======== DATASET RECORDS
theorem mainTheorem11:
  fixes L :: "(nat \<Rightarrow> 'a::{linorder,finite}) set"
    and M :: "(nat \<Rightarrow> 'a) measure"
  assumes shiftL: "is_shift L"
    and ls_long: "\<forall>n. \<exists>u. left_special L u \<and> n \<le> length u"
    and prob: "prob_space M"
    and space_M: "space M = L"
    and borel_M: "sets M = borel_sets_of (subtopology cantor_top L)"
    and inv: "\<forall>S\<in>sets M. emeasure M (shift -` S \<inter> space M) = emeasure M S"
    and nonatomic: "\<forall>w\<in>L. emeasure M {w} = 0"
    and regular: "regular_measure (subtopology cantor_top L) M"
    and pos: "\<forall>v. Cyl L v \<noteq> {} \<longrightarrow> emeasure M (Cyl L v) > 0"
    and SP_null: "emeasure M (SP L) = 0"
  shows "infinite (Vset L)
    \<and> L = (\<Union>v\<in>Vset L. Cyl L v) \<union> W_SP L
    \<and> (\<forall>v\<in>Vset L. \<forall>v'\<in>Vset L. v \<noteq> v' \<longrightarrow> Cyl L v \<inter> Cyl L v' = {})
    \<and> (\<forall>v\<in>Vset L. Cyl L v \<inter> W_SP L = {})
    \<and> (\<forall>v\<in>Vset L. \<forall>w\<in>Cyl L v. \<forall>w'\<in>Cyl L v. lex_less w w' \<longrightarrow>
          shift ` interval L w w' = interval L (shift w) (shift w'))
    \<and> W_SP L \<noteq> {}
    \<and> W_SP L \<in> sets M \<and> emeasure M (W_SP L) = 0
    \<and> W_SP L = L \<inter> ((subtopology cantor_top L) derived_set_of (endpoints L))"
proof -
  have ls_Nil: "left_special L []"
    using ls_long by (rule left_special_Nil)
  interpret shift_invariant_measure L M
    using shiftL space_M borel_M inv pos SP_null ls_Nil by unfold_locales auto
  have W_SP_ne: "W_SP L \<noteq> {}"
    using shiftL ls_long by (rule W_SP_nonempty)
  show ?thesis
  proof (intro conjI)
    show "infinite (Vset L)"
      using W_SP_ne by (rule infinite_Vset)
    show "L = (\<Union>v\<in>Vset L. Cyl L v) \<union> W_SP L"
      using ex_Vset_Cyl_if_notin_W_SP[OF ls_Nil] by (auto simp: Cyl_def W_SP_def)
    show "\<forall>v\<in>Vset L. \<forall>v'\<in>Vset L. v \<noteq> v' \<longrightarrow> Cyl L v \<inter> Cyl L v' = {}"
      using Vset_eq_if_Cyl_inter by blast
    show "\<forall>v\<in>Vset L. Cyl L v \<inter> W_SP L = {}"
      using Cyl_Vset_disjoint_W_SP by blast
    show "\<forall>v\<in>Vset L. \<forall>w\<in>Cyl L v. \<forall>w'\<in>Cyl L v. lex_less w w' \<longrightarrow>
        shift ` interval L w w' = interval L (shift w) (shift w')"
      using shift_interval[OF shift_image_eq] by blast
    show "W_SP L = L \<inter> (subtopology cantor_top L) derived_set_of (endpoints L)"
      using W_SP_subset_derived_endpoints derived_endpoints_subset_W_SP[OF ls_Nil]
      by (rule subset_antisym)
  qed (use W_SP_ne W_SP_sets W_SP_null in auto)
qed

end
================
WHAT YOU WILL DO: Scan the records for the word "rule", and copy each line where it is found.

THE ANSWER:
    using ls_long by (rule left_special_Nil)
    using shiftL ls_long by (rule W_SP_nonempty)
      using W_SP_ne by (rule infinite_Vset)
      by (rule subset_antisym)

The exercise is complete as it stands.